In our study, patients treated with DAA plus interferon were excluded. Although the combination therapy may have no effect on the evaluation of liver pathology, based on the current situation of CHC treatment, majority of patients can be cured by simple DAAs. So, we pay more attention on correlation between CEI and pathology changes in patients cured by simple DAAs. It is worth mentioning that, HCV RNA was both detected at 12- and 24-wk after the end of treatment. The value of HCV RNA at 12-wk were also undetectable in patients achieving SVR24. Since patients were enrolled between 2014-2016, SVR12 and SVR24 both could be used at that time, while the 24-wk SVR last longer, it was used in our article. We specially agree that the current definition of SVR as an undetectable HCV RNA at 12 wk after the end of treatment.
In the correlation analysis, we found that the CEI was mild negative related to both grade of inflammation and stage of fibrosis. Further hierarchical analysis showed that the CEI mainly decreased with the progression of liver fibrosis, which was consistent with the results of a previous multiple regression analysis[23]. As mentioned above, after achieving SVR, the overall liver fibrosis status was not notably improved, and the CEI also did not change significantly. Therefore, we combined 60 pairs of CEI and liver pathology data before and after treatment for analysis. It should be mentioned that the overall mHAI decreased after treatment, which may have affected the results. However, in our pre-analysis, we found that in the 21 paired MRI and liver biopsy samples after treatment, the correlation between the mHAI and Ishak score (r = 0.74, P < 0.001) remained significant. This may be because the patients with a mHAI > 13 at baseline had liver cirrhosis. After achieving SVR, there was no significant improvement in fibrosis or in the inflammation status. It was also shown that the correlation between the CEI and fibrosis stage remained relatively stable and was not related to the treatment state.

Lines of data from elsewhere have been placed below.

lemma pi_inv_S_mat_mult_vec:
  fixes F :: "'a::comm_ring_1 bipoly list"
  assumes deg: "\<forall>f\<in>set F. degree f \<le> dy" and u: "u \<in> carrier_vec (length F * D)"
  shows "pi_inv (dy + D) (S_mat F dy D *\<^sub>v u) = (\<Sum>q<length F. block_multiplier D u q * F ! q)"
proof (rule poly_eqI)
  fix m
  let ?n = "dy + D" and ?t = "length F"
  have rhs: "coeff (\<Sum>q<?t. block_multiplier D u q * F ! q) m =
     (\<Sum>q<?t. \<Sum>l<D. u $ (q * D + l) *
        (if D - 1 - l \<le> m then coeff (F ! q) (m - (D - 1 - l)) else 0))"
    unfolding coeff_sum block_multiplier_def sum_distrib_right
    by (intro sum.cong refl) (simp add: coeff_monom_mult)
  show "coeff (pi_inv ?n (S_mat F dy D *\<^sub>v u)) m = coeff (\<Sum>q<?t. block_multiplier D u q * F ! q) m"
  proof (cases "m < ?n")
    case True
    have "coeff (pi_inv ?n (S_mat F dy D *\<^sub>v u)) m =
        (\<Sum>c<?t * D. coeff (monom 1 (D - 1 - c mod D) * F ! (c div D)) m * u $ c)"
      using True u unfolding coeff_pi_inv S_mat_def
      by (auto simp: scalar_prod_def lessThan_atLeast0 intro!: sum.cong)
    also have "\<dots> = (\<Sum>q<?t. \<Sum>l<D. coeff (monom 1 (D - 1 - l) * F ! q) m * u $ (q * D + l))"
      unfolding sum_lessThan_mult_split by (intro sum.cong refl) (simp add: add.commute)
    also have "\<dots> = coeff (\<Sum>q<?t. block_multiplier D u q * F ! q) m"
      unfolding rhs by (intro sum.cong refl) (simp add: coeff_monom_mult)
    finally show ?thesis .
  next
    case False
    have "coeff (F ! q) (m - (D - 1 - l)) = 0" if "q < ?t" "l < D" for q l
    proof -
      have "degree (F ! q) \<le> dy" using deg that(1) by auto
      moreover have "dy < m - (D - 1 - l)" using False that(2) by auto
      ultimately show ?thesis by (simp add: coeff_eq_0)
    qed
    then have "coeff (\<Sum>q<?t. block_multiplier D u q * F ! q) m = 0"
      unfolding rhs by (intro sum.neutral ballI) simp
    then show ?thesis using False by (simp add: coeff_pi_inv)
  qed
qed
(* Let $R(X)=\sum_{n=1}^{\infty}\frac{X^{n}}{n!}(e_{1}-g_{1})^{n-1}\in\mathfrak H[[X]]$. For any admissible index $\mathbf{k}$, \[ \frac{1}{1-R(X)g_{1}}\,\mathrm{sh}_{\hbar}\,g_{\mathbf{k}}\frac{1}{1-g_{1}X}\equiv\frac{1}{1-g_{1}X}\,\mathrm{sh}_{\hbar}\,E_{\mathbf{k}}\frac{1}{1-R(X)g_{1}} \] modulo the $\mathcal{C}$-submodule $\mathfrak{n}[[X]]$ of $\mathfrak{H}[[X]]$ (i.e. every coefficient of the difference lies in $\mathfrak n$).
   Context: Let $\mathcal{C}=\mathbb{Q}[\hbar]$ ($\hbar$ formal), $\mathfrak{H}=\mathcal{C}\langle a,b\rangle$ the non-commutative polynomial ring. For $k\ge1$, $g_k=ba^k$, $e_k=b(a+\hbar)a^{k-1}$ (so $e_1-g_1=\hbar b$). $A=\{\hbar b\}\cup\{ba^k\mid k\ge1\}$, $\mathcal{C}\langle A\rangle$ the $\mathcal{C}$-subalgebra generated by $1$ and $A$, $\widehat{\mathfrak H^0}=\mathcal C+\sum_{k\ge1}\mathcal C\langle A\rangle g_k$. Let $\mathfrak n_0$ be the $\mathcal C$-span of $(\hbar b)^{\alpha_1}g_{\beta_1+1}\cdots(\hbar b)^{\alpha_r}g_{\beta_r+1}$ with $r\ge1$, $\alpha_i,\beta_i\ge0$ and $\alpha_s\ge1,\beta_t\ge1$ for some $1\le s\le t\le r$; $\mathfrak n=\mathfrak n_0+\hbar\widehat{\mathfrak H^0}$. Shuffle product $\mathrm{sh}_\hbar$ on $\mathfrak H$: $\mathcal C$-bilinear with $w\,\mathrm{sh}_\hbar\,1=1\,\mathrm{sh}_\hbar\,w=w$, $wa\,\mathrm{sh}_\hbar\,w'a=(wa\,\mathrm{sh}_\hbar\,w'+w\,\mathrm{sh}_\hbar\,w'a+\hbar(w\,\mathrm{sh}_\hbar\,w'))a$, $wb\,\mathrm{sh}_\hbar\,w'=w\,\mathrm{sh}_\hbar\,w'b=(w\,\mathrm{sh}_\hbar\,w')b$; extended to $\mathfrak H[[X]]$ coefficientwise. $\frac{1}{1-F}=\sum_{n\ge0}F^n$ for $F$ without constant term. Indices: finite tuples $\mathbf k=(k_1,\dots,k_r)$ of positive integers, admissible if empty or $k_r\ge2$; $g_{\mathbf k}=g_{k_1}\cdots g_{k_r}$, $g_\varnothing=1$. $E_{1^m}=\frac1{(m+1)!}\sum_{j=0}^m g_1^{\mathrm{sh}_\hbar j}\,\mathrm{sh}_\hbar\,e_1^{\mathrm{sh}_\hbar(m-j)}$ ($m\ge0$, $u^{\mathrm{sh}_\hbar0}=1$); for $\mathbf k=(1^{s_0},t_1+2,1^{s_1},\dots,t_r+2,1^{s_r})$ (unique form, $1^s$ = $s$ ones), $E_{\mathbf k}=E_{1^{s_0}}e_{t_1+2}E_{1^{s_1}}\cdots e_{t_r+2}E_{1^{s_r}}$, $E_\varnothing=1$. *)

theory Defs
  imports "HOL-Library.Poly_Mapping" "HOL-Computational_Algebra.Polynomial"
begin

datatype letter = La | Lb

type_synonym coef = "rat poly"
type_synonym nc = "letter list \<Rightarrow>\<^sub>0 coef"   (* element of H: finitely supported word -> coefficient *)

definition hbar :: coef where "hbar = [:0, 1:]"

definition mono :: "letter list \<Rightarrow> nc" where "mono w = Poly_Mapping.single w 1"
definition cst :: "coef \<Rightarrow> nc" where "cst c = Poly_Mapping.single [] c"
definition ncone :: nc where "ncone = mono []"

definition ncmul :: "nc \<Rightarrow> nc \<Rightarrow> nc" (infixl "\<cdot>" 70) where
  "ncmul p q = (\<Sum>u\<in>Poly_Mapping.keys p. \<Sum>v\<in>Poly_Mapping.keys q. Poly_Mapping.single (u @ v) (Poly_Mapping.lookup p u * Poly_Mapping.lookup q v))"

fun ncpow :: "nc \<Rightarrow> nat \<Rightarrow> nc" where
  "ncpow p 0 = ncone"
| "ncpow p (Suc n) = p \<cdot> ncpow p n"

definition prodl :: "nc list \<Rightarrow> nc" where "prodl xs = foldr ncmul xs ncone"

definition rmul :: "nc \<Rightarrow> letter \<Rightarrow> nc" where "rmul p l = p \<cdot> mono [l]"

(* shr works on reversed words: head of the list = last letter *)
function (sequential) shr :: "letter list \<Rightarrow> letter list \<Rightarrow> nc" where
  "shr [] ys = mono (rev ys)"
| "shr xs [] = mono (rev xs)"
| "shr (Lb # xs) ys = rmul (shr xs ys) Lb"
| "shr (La # xs) (Lb # ys) = rmul (shr (La # xs) ys) Lb"
| "shr (La # xs) (La # ys) =
     rmul (shr (La # xs) ys + shr xs (La # ys) + cst hbar \<cdot> shr xs ys) La"
  by pat_completeness auto
termination by (relation "measure (\<lambda>(xs, ys). length xs + length ys)") auto

definition shw :: "letter list \<Rightarrow> letter list \<Rightarrow> nc" where
  "shw u v = shr (rev u) (rev v)"

definition sh :: "nc \<Rightarrow> nc \<Rightarrow> nc" where
  "sh p q = (\<Sum>u\<in>Poly_Mapping.keys p. \<Sum>v\<in>Poly_Mapping.keys q. cst (Poly_Mapping.lookup p u * Poly_Mapping.lookup q v) \<cdot> shw u v)"

fun shpow :: "nc \<Rightarrow> nat \<Rightarrow> nc" where
  "shpow p 0 = ncone"
| "shpow p (Suc n) = sh p (shpow p n)"

definition g :: "nat \<Rightarrow> nc" where "g k = mono (Lb # replicate k La)"
definition e :: "nat \<Rightarrow> nc" where
  "e k = mono [Lb] \<cdot> (mono [La] + cst hbar) \<cdot> mono (replicate (k - 1) La)"

definition gidx :: "nat list \<Rightarrow> nc" where "gidx ks = prodl (map g ks)"

definition admissible :: "nat list \<Rightarrow> bool" where
  "admissible ks \<longleftrightarrow> (\<forall>k\<in>set ks. 1 \<le> k) \<and> (ks = [] \<or> 2 \<le> last ks)"

definition E1 :: "nat \<Rightarrow> nc" where
  "E1 m = cst [: inverse (fact (Suc m)) :] \<cdot>
          (\<Sum>j\<le>m. sh (shpow (g 1) j) (shpow (e 1) (m - j)))"

(* Eaux s ks: s = number of pending leading 1's; realises the unique decomposition
   k = (1^{s0}, t1+2, 1^{s1}, ..., tr+2, 1^{sr}) *)
fun Eaux :: "nat \<Rightarrow> nat list \<Rightarrow> nc" where
  "Eaux s [] = E1 s"
| "Eaux s (k # ks) = (if k = 1 then Eaux (Suc s) ks else E1 s \<cdot> e k \<cdot> Eaux 0 ks)"

definition Eidx :: "nat list \<Rightarrow> nc" where "Eidx ks = Eaux 0 ks"

inductive_set cspan :: "nc set \<Rightarrow> nc set" for S where
  zero: "0 \<in> cspan S"
| gen: "x \<in> S \<Longrightarrow> cst c \<cdot> x \<in> cspan S"
| add: "x \<in> cspan S \<Longrightarrow> y \<in> cspan S \<Longrightarrow> x + y \<in> cspan S"

definition hb :: nc where "hb = cst hbar \<cdot> mono [Lb]"

definition Aset :: "nc set" where "Aset = {hb} \<union> {g k | k. 1 \<le> k}"

definition CA :: "nc set" where "CA = cspan {prodl xs | xs. set xs \<subseteq> Aset}"

definition H0hat :: "nc set" where
  "H0hat = cspan ({ncone} \<union> {x \<cdot> g k | x k. x \<in> CA \<and> 1 \<le> k})"

definition n0gen :: "nat list \<Rightarrow> nat list \<Rightarrow> nc" where
  "n0gen al be = prodl (concat (map (\<lambda>i. [ncpow hb (al ! i), g (be ! i + 1)]) [0..<length al]))"

definition frak_n0 :: "nc set" where
  "frak_n0 = cspan {n0gen al be | al be. length al = length be \<and> 1 \<le> length al \<and>
      (\<exists>s t. s \<le> t \<and> t < length al \<and> 1 \<le> al ! s \<and> 1 \<le> be ! t)}"

definition frak_n :: "nc set" where
  "frak_n = {x + cst hbar \<cdot> y | x y. x \<in> frak_n0 \<and> y \<in> H0hat}"

section \<open>Formal power series in a central variable X: coefficient sequences\<close>

type_synonym ser = "nat \<Rightarrow> nc"

definition smul :: "ser \<Rightarrow> ser \<Rightarrow> ser" where
  "smul F G n = (\<Sum>i\<le>n. F i \<cdot> G (n - i))"

definition ssh :: "ser \<Rightarrow> ser \<Rightarrow> ser" where
  "ssh F G n = (\<Sum>i\<le>n. sh (F i) (G (n - i)))"

definition sone :: ser where "sone n = (if n = 0 then ncone else 0)"

fun spow :: "ser \<Rightarrow> nat \<Rightarrow> ser" where
  "spow F 0 = sone"
| "spow F (Suc m) = smul F (spow F m)"

(* 1/(1-F) = sum_m F^m, for F without constant term: only m <= n contribute to X^n *)
definition geom :: "ser \<Rightarrow> ser" where
  "geom F n = (\<Sum>m\<le>n. spow F m n)"

definition Rser :: ser where
  "Rser n = (if n = 0 then 0 else cst [: inverse (fact n) :] \<cdot> ncpow (e 1 - g 1) (n - 1))"

definition RG :: ser where "RG n = Rser n \<cdot> g 1"

definition GX :: ser where "GX n = (if n = 1 then g 1 else 0)"

end

theory Submission
  imports Defs
begin

text \<open>Each coefficient of either side is a sum of shuffles of words ending in the letter a, so the rule
  \<open>x a sh y a = (x a sh y + x sh y a + \<hbar> x sh y) a\<close> expresses the \<open>X\<^sup>n\<close>-coefficient of
  either side through the lower ones, multiplied by powers of b and followed by a. Both sides obey
  the same recursion up to error terms, because the differences \<open>e\<^sub>k - g\<^sub>k\<close>,
  \<open>E\<^sub>k - g\<^sub>k\<close> and \<open>R(X) g\<^sub>1 - g\<^sub>1 X\<close> only consist of terms \<open>\<hbar>\<^sup>j t\<close> in which
  \<open>\<hbar>\<^sup>j\<close> pays for every letter b of \<open>t\<close> not followed by a and has one degree to spare. Such
  weightings survive concatenation and shuffle, and a term with a spare degree followed by a lies
  in \<open>\<frak>n\<close>; so induction on \<open>n\<close> puts the difference of the coefficients into \<open>\<frak>n\<close>.\<close>

abbreviation lookup :: "nc \<Rightarrow> letter list \<Rightarrow> coef" where "lookup \<equiv> Poly_Mapping.lookup"
abbreviation keys :: "nc \<Rightarrow> letter list set" where "keys \<equiv> Poly_Mapping.keys"
abbreviation single :: "letter list \<Rightarrow> coef \<Rightarrow> nc" where "single \<equiv> Poly_Mapping.single"

section \<open>The algebra H\<close>

lemma nc_eq_sum_single: "p = (\<Sum>u\<in>keys p. single u (lookup p u))"
  by (rule poly_mapping_eqI) (simp add: lookup_sum lookup_single when_def in_keys_iff)

lemma lookup_ncmul:
  "lookup (p \<cdot> q) t = (\<Sum>u\<in>keys p. \<Sum>v\<in>keys q. if u @ v = t then lookup p u * lookup q v else 0)"
  by (simp add: ncmul_def lookup_sum lookup_single when_def)

lemma ncmul_superset:
  assumes "finite S" "finite T" "keys p \<subseteq> S" "keys q \<subseteq> T"
  shows "p \<cdot> q = (\<Sum>u\<in>S. \<Sum>v\<in>T. single (u @ v) (lookup p u * lookup q v))"
proof -
  have "(\<Sum>u\<in>S. \<Sum>v\<in>T. single (u @ v) (lookup p u * lookup q v))
      = (\<Sum>u\<in>keys p. \<Sum>v\<in>T. single (u @ v) (lookup p u * lookup q v))"
    by (rule sum.mono_neutral_right) (use assms in \<open>auto simp: in_keys_iff\<close>)
  also have "\<dots> = (\<Sum>u\<in>keys p. \<Sum>v\<in>keys q. single (u @ v) (lookup p u * lookup q v))"
    by (rule sum.cong[OF refl], rule sum.mono_neutral_right) (use assms in \<open>auto simp: in_keys_iff\<close>)
  finally show ?thesis by (simp add: ncmul_def)
qed

lemma ncmul_add_left: "(p + q) \<cdot> r = p \<cdot> r + q \<cdot> r"
  using keys_add[of p q]
  by (subst (1 2 3) ncmul_superset[where S="keys p \<union> keys q" and T="keys r"])
     (auto simp: lookup_add distrib_right single_add sum.distrib)

lemma ncmul_add_right: "r \<cdot> (p + q) = r \<cdot> p + r \<cdot> q"
  using keys_add[of p q]
  by (subst (1 2 3) ncmul_superset[where T="keys p \<union> keys q" and S="keys r"])
     (auto simp: lookup_add distrib_left single_add sum.distrib)

lemma ncmul_zero_left [simp]: "0 \<cdot> p = 0"
  by (simp add: ncmul_def)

In patients with liver cirrhosis (Ishak score 5-6), the diagnostic values of the CEI and of the other non-invasive methods were similar, which was also partly previously reported by a cross-sectional comparative analysis[23]. As the inflammatory status improved with antiviral treatment, the cut-off values of the APRI (from 1.05 to 0.24) and FIB-4 (from 1.78 to 1.28) both substantially decreased for the same fibrosis status. The serological biomarkers had no diagnostic value for significant fibrosis after HCV eradication, mainly because with the rapid regression of liver necroinflammation, the ALT and AST levels returned to normal, reducing the diagnostic accuracy of serological biomarkers. Although accessible and common, the APRI and FIB-4 may not be suitable for the surveillance of patients with CHC post SVR[21,24].
Other than the serological biomarkers, the LSM obtained with TE is currently considered useful for fibrosis monitoring[25-27]. However, several studies have reported a rapid decrease in the LSM mainly related to inflammation regression, and its cut-off values are influenced by liver morphometry. Hence, the decrease in the LSM may be misinterpreted as change in the liver fibrosis stage[6,28]. A longitudinal study of 2 years showed that following SVR attainment, the improvements in the LSM were overstated compared to histologic staging[28]. Therefore, the follow-up value of liver fibrosis regression in patients with HCV SVR needs to be further verified. Our findings strengthened this notion in a relative short follow-up time (median of 6.2 mo). The cut-off value of the LSM decreased slightly in patients with liver cirrhosis (from 10.8 kPa to 7.1 kPa), wherein an LSM value of 7.1 kPa obtained with TE was defined as the threshold for absence of or minimal fibrosis in patients with CHC[29]. The comparative analysis also showed significant decrease in the LSM value in patients without fibrosis regression.
Apart from the CEI, several studies have reported multiple hepatobiliary liver enhancement indexes of Gd-EOB-DTPA-enhanced MRI, including RE (calculated as [SIHBP-SIUEP]/SIUEP of the liver parenchyma), liver-to-portal vein contrast ratio (calculated by dividing the liver parenchyma SI by the portal vein SI on HBP images), and liver-to-spleen contrast ratio (calculated by dividing the liver parenchyma SI by the spleen SI on HBP images)[30-32]. In previous reports, the signals of the portal vein and spleen were integrated with plasma or extracellular extravascular space exposure to the contrast agent, thus showing that the liver-to-portal vein contrast ratio and liver-to-spleen contrast ratio were more strongly related to liver function than to liver fibrosis[12,33]. Adjustment of the signal of the paraspinal muscle for SIliver on the same slice was performed to normalize the shimming influences and correct for technical bias. Compared with other organs, SImuscle was more stable and less influenced by age and liver function. Jang et al[23] also validated this view. A few articles have shown similar diagnostic accuracies for RE and the CEI. In our study, RE was mildly negatively associated with liver inflammation (r = -0.57, P = 0.007) and fibrosis (r = -0.44, P = 0.043) (unreported), possibly because the SI of the liver after injecting Gd-EOB-DTPA changes, as the window level and width differ in the images[34].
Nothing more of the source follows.